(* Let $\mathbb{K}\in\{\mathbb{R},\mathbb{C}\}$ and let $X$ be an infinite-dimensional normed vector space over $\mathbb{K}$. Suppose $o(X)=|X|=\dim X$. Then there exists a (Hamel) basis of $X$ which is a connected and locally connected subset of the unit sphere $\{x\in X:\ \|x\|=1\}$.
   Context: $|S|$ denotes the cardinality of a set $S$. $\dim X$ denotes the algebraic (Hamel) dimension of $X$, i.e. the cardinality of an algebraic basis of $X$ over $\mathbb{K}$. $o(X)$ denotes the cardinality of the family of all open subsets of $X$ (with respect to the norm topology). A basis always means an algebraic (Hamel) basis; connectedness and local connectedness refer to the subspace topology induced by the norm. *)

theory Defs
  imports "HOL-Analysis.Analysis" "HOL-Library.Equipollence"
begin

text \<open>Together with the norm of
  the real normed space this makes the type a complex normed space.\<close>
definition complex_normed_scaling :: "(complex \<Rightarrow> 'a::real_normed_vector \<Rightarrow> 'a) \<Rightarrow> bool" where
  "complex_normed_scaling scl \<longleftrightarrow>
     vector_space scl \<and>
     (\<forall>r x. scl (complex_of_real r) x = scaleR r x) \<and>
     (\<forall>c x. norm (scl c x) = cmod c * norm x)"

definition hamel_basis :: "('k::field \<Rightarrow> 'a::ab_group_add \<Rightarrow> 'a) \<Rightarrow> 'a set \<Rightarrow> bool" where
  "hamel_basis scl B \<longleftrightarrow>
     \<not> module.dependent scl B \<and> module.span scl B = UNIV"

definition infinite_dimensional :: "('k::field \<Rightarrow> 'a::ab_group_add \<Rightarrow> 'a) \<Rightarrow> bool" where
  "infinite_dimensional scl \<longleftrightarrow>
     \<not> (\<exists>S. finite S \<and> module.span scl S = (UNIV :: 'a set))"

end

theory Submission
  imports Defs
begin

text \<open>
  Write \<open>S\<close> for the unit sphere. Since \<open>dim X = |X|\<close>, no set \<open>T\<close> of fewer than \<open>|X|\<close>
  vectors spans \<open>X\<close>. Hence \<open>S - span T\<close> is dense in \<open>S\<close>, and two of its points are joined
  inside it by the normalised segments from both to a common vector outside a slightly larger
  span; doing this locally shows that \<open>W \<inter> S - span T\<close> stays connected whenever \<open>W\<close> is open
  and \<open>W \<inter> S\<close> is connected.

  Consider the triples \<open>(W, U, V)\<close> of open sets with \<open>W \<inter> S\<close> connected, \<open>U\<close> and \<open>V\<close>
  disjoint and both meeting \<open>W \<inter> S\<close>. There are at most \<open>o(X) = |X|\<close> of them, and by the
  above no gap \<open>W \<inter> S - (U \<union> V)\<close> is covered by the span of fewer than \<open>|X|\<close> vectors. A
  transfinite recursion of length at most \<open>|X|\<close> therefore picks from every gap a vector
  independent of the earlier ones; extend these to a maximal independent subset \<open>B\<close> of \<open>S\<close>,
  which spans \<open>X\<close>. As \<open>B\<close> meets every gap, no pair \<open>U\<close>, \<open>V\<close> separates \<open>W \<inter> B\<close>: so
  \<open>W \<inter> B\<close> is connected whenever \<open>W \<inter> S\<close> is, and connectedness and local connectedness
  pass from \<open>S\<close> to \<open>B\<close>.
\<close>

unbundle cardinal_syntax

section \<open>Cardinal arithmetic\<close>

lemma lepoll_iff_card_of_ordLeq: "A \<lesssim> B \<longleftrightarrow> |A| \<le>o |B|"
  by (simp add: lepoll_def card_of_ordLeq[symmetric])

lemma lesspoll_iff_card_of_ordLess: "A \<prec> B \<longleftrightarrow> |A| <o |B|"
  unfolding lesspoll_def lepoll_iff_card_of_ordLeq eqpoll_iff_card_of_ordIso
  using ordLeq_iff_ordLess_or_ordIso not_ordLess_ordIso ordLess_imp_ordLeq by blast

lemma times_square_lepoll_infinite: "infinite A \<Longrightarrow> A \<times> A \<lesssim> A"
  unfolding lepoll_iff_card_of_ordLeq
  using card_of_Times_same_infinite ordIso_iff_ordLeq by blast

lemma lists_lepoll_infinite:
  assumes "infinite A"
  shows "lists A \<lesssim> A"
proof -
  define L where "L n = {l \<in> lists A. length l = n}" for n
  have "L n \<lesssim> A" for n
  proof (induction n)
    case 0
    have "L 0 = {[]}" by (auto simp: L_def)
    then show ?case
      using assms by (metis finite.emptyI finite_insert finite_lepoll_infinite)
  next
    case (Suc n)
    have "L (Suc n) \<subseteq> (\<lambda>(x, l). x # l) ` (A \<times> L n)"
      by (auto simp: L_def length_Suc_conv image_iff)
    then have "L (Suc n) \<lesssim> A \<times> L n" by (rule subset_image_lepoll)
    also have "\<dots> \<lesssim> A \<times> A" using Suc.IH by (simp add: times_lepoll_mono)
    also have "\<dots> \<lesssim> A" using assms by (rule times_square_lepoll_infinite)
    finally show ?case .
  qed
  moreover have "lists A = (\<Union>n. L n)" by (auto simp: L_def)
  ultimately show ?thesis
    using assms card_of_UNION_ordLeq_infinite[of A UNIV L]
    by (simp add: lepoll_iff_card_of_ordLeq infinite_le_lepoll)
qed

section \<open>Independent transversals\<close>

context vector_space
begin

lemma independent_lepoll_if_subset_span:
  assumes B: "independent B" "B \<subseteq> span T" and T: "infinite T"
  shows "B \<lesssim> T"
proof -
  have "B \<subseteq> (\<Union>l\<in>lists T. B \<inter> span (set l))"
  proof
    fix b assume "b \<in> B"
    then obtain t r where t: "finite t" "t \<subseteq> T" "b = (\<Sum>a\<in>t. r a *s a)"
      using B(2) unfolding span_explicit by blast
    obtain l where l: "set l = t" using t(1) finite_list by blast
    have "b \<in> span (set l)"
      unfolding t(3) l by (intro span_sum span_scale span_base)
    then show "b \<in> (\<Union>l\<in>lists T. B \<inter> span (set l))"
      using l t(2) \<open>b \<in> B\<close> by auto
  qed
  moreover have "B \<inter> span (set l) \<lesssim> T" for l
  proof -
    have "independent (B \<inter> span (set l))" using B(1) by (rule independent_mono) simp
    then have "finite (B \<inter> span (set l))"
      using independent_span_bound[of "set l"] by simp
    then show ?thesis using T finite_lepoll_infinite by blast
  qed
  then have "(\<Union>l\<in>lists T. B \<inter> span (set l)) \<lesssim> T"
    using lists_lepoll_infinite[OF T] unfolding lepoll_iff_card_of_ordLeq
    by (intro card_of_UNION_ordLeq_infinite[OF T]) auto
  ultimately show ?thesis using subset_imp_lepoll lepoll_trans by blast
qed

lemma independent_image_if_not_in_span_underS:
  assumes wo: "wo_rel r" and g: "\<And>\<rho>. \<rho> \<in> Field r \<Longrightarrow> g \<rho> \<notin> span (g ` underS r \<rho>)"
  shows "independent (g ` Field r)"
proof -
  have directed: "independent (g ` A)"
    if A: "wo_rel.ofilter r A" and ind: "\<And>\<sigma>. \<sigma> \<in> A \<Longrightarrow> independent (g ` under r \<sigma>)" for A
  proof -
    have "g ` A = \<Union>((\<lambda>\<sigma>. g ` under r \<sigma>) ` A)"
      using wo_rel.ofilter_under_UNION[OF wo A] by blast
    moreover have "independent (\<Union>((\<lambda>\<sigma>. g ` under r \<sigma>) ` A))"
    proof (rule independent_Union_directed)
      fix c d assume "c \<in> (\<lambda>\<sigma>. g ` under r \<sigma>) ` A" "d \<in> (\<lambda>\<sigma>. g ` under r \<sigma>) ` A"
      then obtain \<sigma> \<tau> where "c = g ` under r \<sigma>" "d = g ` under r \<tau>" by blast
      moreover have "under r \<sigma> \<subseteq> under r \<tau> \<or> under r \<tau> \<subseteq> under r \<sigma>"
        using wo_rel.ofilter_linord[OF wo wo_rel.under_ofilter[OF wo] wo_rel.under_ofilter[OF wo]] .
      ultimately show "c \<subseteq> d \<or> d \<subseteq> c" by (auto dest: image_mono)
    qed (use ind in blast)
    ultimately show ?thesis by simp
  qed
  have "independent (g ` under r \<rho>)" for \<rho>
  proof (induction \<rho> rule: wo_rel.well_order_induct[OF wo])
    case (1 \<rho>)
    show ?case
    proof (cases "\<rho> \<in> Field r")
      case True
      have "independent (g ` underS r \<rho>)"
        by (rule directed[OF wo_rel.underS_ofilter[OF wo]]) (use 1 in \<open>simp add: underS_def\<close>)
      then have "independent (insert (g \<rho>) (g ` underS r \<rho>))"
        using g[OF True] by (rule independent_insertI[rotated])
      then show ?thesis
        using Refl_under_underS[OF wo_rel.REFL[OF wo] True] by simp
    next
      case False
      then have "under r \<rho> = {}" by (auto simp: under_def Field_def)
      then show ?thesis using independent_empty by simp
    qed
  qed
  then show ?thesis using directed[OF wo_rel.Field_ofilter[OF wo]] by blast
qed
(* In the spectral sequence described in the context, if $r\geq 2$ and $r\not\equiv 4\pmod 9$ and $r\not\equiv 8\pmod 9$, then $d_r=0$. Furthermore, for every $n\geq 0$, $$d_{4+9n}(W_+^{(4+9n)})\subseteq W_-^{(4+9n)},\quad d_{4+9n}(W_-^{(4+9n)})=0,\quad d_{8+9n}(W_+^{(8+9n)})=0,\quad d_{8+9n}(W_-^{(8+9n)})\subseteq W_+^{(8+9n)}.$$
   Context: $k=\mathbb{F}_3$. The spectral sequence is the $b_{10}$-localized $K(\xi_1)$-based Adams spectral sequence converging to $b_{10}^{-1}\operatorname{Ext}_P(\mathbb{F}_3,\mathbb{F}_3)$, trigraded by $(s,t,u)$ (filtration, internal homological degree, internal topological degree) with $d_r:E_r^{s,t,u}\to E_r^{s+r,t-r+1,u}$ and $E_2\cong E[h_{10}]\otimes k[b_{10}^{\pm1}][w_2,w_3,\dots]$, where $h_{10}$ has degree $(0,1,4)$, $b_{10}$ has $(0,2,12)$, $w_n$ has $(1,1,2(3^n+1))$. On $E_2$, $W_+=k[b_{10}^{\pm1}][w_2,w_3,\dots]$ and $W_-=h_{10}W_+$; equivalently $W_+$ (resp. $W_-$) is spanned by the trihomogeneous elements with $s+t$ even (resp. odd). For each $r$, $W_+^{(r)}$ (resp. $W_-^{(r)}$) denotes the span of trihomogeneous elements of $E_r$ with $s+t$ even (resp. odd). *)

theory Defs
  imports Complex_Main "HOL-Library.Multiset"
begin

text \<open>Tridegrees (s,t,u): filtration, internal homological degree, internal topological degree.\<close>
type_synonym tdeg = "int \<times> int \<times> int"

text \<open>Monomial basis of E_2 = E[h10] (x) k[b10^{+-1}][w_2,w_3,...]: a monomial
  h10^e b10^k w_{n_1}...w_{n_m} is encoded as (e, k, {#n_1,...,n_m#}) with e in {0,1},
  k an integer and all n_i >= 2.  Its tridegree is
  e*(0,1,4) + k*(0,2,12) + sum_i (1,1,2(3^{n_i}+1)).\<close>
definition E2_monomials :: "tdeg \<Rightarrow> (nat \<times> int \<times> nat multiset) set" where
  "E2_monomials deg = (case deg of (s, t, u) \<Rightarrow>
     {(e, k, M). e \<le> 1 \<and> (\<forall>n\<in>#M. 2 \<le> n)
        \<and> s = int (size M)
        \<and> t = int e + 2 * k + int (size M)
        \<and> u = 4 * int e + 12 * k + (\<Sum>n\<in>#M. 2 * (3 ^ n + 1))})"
========================================
**Exercise directions**
Whenever the string "sequence" turns up in a line of the data, copy that line.

**Solution for this problem**
(* In the spectral sequence described in the context, if $r\geq 2$ and $r\not\equiv 4\pmod 9$ and $r\not\equiv 8\pmod 9$, then $d_r=0$. Furthermore, for every $n\geq 0$, $$d_{4+9n}(W_+^{(4+9n)})\subseteq W_-^{(4+9n)},\quad d_{4+9n}(W_-^{(4+9n)})=0,\quad d_{8+9n}(W_+^{(8+9n)})=0,\quad d_{8+9n}(W_-^{(8+9n)})\subseteq W_+^{(8+9n)}.$$
   Context: $k=\mathbb{F}_3$. The spectral sequence is the $b_{10}$-localized $K(\xi_1)$-based Adams spectral sequence converging to $b_{10}^{-1}\operatorname{Ext}_P(\mathbb{F}_3,\mathbb{F}_3)$, trigraded by $(s,t,u)$ (filtration, internal homological degree, internal topological degree) with $d_r:E_r^{s,t,u}\to E_r^{s+r,t-r+1,u}$ and $E_2\cong E[h_{10}]\otimes k[b_{10}^{\pm1}][w_2,w_3,\dots]$, where $h_{10}$ has degree $(0,1,4)$, $b_{10}$ has $(0,2,12)$, $w_n$ has $(1,1,2(3^n+1))$. On $E_2$, $W_+=k[b_{10}^{\pm1}][w_2,w_3,\dots]$ and $W_-=h_{10}W_+$; equivalently $W_+$ (resp. $W_-$) is spanned by the trihomogeneous elements with $s+t$ even (resp. odd). For each $r$, $W_+^{(r)}$ (resp. $W_-^{(r)}$) denotes the span of trihomogeneous elements of $E_r$ with $s+t$ even (resp. odd). *)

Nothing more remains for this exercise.